Когда Флинт подрос, Фло разрешила Фифи играть с ним. И та сидела теперь рядом и теребила его пальчики. Вдруг Флинт тихо заскулил – видимо, Фифи сделала ему больно. Фло тотчас же оттолкнула руку дочери и прижала малыша к себе. Расстроенная Фифи надула губы и закачалась взад и вперед, не сводя глаз с Флинта и заложив руки за голову. Однако прошло совсем немного времени, и она снова, на этот раз более осторожно, начала играть с братом.
Детеныш шимпанзе, как и человеческий ребенок, подрастая, становился все более забавным и интересным не только для матери и других членов семьи, но также и для окружающих, включая и нас, исследователей.
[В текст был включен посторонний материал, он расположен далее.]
(* If a non-P-point $\mathcal W$ in standard position on $\omega^2$ is $(2,4)$-weakly Ramsey, then $\mathcal W$ has the three-functions property: for every function $f$ on $\omega^2$ there is $H\in\mathcal W$ such that $f\restriction H$ is constant, or one-to-one, or equal to $g\circ\pi_1\restriction H$ for some one-to-one function $g$ on $\omega$.
   Context: Ultrafilters are nonprincipal. $\pi_1:\omega^2\to\omega$ is the first projection. A non-P-point in standard position is an ultrafilter $\mathcal W$ on $\omega^2$ such that $\pi_1$ is neither finite-to-one nor constant on any set in $\mathcal W$. $\mathcal W$ is $(n,t)$-weakly Ramsey if whenever $[\omega^2]^n$ is partitioned into finitely many pieces there is $H\in\mathcal W$ with $[H]^n$ meeting at most $t$ pieces. *)

theory Defs
  imports Main "HOL-Library.Ramsey"
begin

definition is_ultrafilter :: "'a set set \<Rightarrow> bool" where
  "is_ultrafilter U \<longleftrightarrow>
     {} \<notin> U \<and> UNIV \<in> U \<and>
     (\<forall>A B. A \<in> U \<and> A \<subseteq> B \<longrightarrow> B \<in> U) \<and>
     (\<forall>A B. A \<in> U \<and> B \<in> U \<longrightarrow> A \<inter> B \<in> U) \<and>
     (\<forall>A. A \<in> U \<or> - A \<in> U)"

definition nonprincipal_ultrafilter :: "'a set set \<Rightarrow> bool" where
  "nonprincipal_ultrafilter U \<longleftrightarrow> is_ultrafilter U \<and> (\<forall>A\<in>U. infinite A)"

definition non_P_point_std :: "(nat \<times> nat) set set \<Rightarrow> bool" where
  "non_P_point_std W \<longleftrightarrow> nonprincipal_ultrafilter W \<and>
     (\<forall>A\<in>W. \<not> (\<forall>n. finite {x\<in>A. fst x = n}) \<and> \<not> (\<exists>n. \<forall>x\<in>A. fst x = n))"

text \<open>(n,t)-weakly Ramsey: for every partition of [omega^2]^n into finitely many
  pieces (given by a colouring c with values below k) there is H in W such that
  [H]^n meets at most t pieces.\<close>
definition weakly_Ramsey :: "nat \<Rightarrow> nat \<Rightarrow> 'a set set \<Rightarrow> bool" where
  "weakly_Ramsey n t W \<longleftrightarrow>
     (\<forall>(c :: 'a set \<Rightarrow> nat) k. (\<forall>s\<in>[UNIV]\<^bsup>n\<^esup>. c s < k) \<longrightarrow>
        (\<exists>H\<in>W. card (c ` [H]\<^bsup>n\<^esup>) \<le> t))"

definition three_functions_property :: "(nat \<times> nat) set set \<Rightarrow> bool" where
  "three_functions_property W \<longleftrightarrow>
     (\<forall>f :: nat \<times> nat \<Rightarrow> nat. \<exists>H\<in>W.
        (\<exists>c. \<forall>x\<in>H. f x = c) \<or> inj_on f H \<or>
        (\<exists>g :: nat \<Rightarrow> nat. inj g \<and> (\<forall>x\<in>H. f x = g (fst x))))"

end

theory Submission
  imports Defs "HOL-Library.Product_Lexorder"
begin

text \<open>Colour a pair \<open>x < y\<close> of \<open>\<omega>\<^sup>2\<close> (lexicographic order) by whether \<open>x\<close>, \<open>y\<close> lie in the same
  column, how \<open>f x\<close> compares with \<open>f y\<close>, and, for different columns, whether \<open>snd x < snd y\<close> and
  whether \<open>snd x < fst y\<close>. Take \<open>H \<in> W\<close> on which at most four colours occur.

  If the points of \<open>H\<close> with finitely many same-column, same-value partners form a set in
  \<open>W\<close>, shrink it so that all its columns are infinite; then \<open>f\<close> is unbounded on each
  column, which produces four colours none of which a pair with equal values can have,
  so \<open>f\<close> is one-to-one. Otherwise every point has such partners arbitrarily high in its
  column, so colour \<open>0\<close> occurs and every pair in different columns with comparison code \<open>r\<close>
  contributes two colours \<open>3 + 4r\<close> and \<open>5 + 4r + e\<close>. Forbidding a fifth colour forces \<open>f\<close> to
  be constant on columns and \<open>r\<close> to be the same for all such pairs: \<open>r = 0\<close> makes \<open>f\<close>
  constant, \<open>r \<noteq> 0\<close> makes \<open>f = g \<circ> fst\<close> with \<open>g\<close> one-to-one on the columns used.\<close>

lemma ultrafilter_mono:
  "is_ultrafilter U \<Longrightarrow> A \<in> U \<Longrightarrow> A \<subseteq> B \<Longrightarrow> B \<in> U"
  unfolding is_ultrafilter_def by blast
Та радость, которую мы получали, наблюдая за развитием Флинта и его успехами, могла сравниться, пожалуй, лишь с радостью воспитания собственного сына.
К концу третьего месяца Флинт научился самостоятельно передвигаться на теле матери, цепляясь за ее шерсть и помогая себе руками и ногами. В это же время его потянуло к Фифи, которая уделяла ему все больше и больше внимания. Она даже пыталась оттащить его от матери, но Фло всегда была начеку и всячески препятствовала этому. Правда, она никогда не наказывала дочь, хотя та настойчиво тянула малыша к себе. Иногда Фло просто отталкивала руку дочки или отходила с малышом в сторону. Если же Фифи чересчур упорствовала, Фло, стремясь отвлечь ее внимание от Флинта, начинала обыскивать ее или играть с ней.
От постоянного общения с младшими детьми Фло, казалось, даже помолодела. Мы не раз видели, как она затевала игры с Фиганом и двенадцатилетним Фабеном; она щекотала их или гонялась за ними вокруг ствола дерева, а маленький Флинт висел на ней, уцепившись за шерсть изо всех своих силенок. Однажды в самый разгар возни эта старая самка наклонила лысеющую голову к земле, оттолкнулась ногами и перекувырнулась. Потом, как бы почувствовав, что эта выходка ей не по возрасту, она отошла в сторону, села и с особой тщательностью занялась туалетом Флинта.
Когда Флинту исполнилось тринадцать недель, Фифи все-таки удалось забрать его у матери. Фло в этот момент была занята обыскиванием Фигана, а Фифи, поймав Флинта за ногу и не спуская глаз с матери, начала осторожно тянуть малыша к себе. Расстояние между ними все сокращалось, и наконец Флинт оказался в объятиях сестрицы: Фифи бережно положила его на живот, обхватила руками и ногами и затихла.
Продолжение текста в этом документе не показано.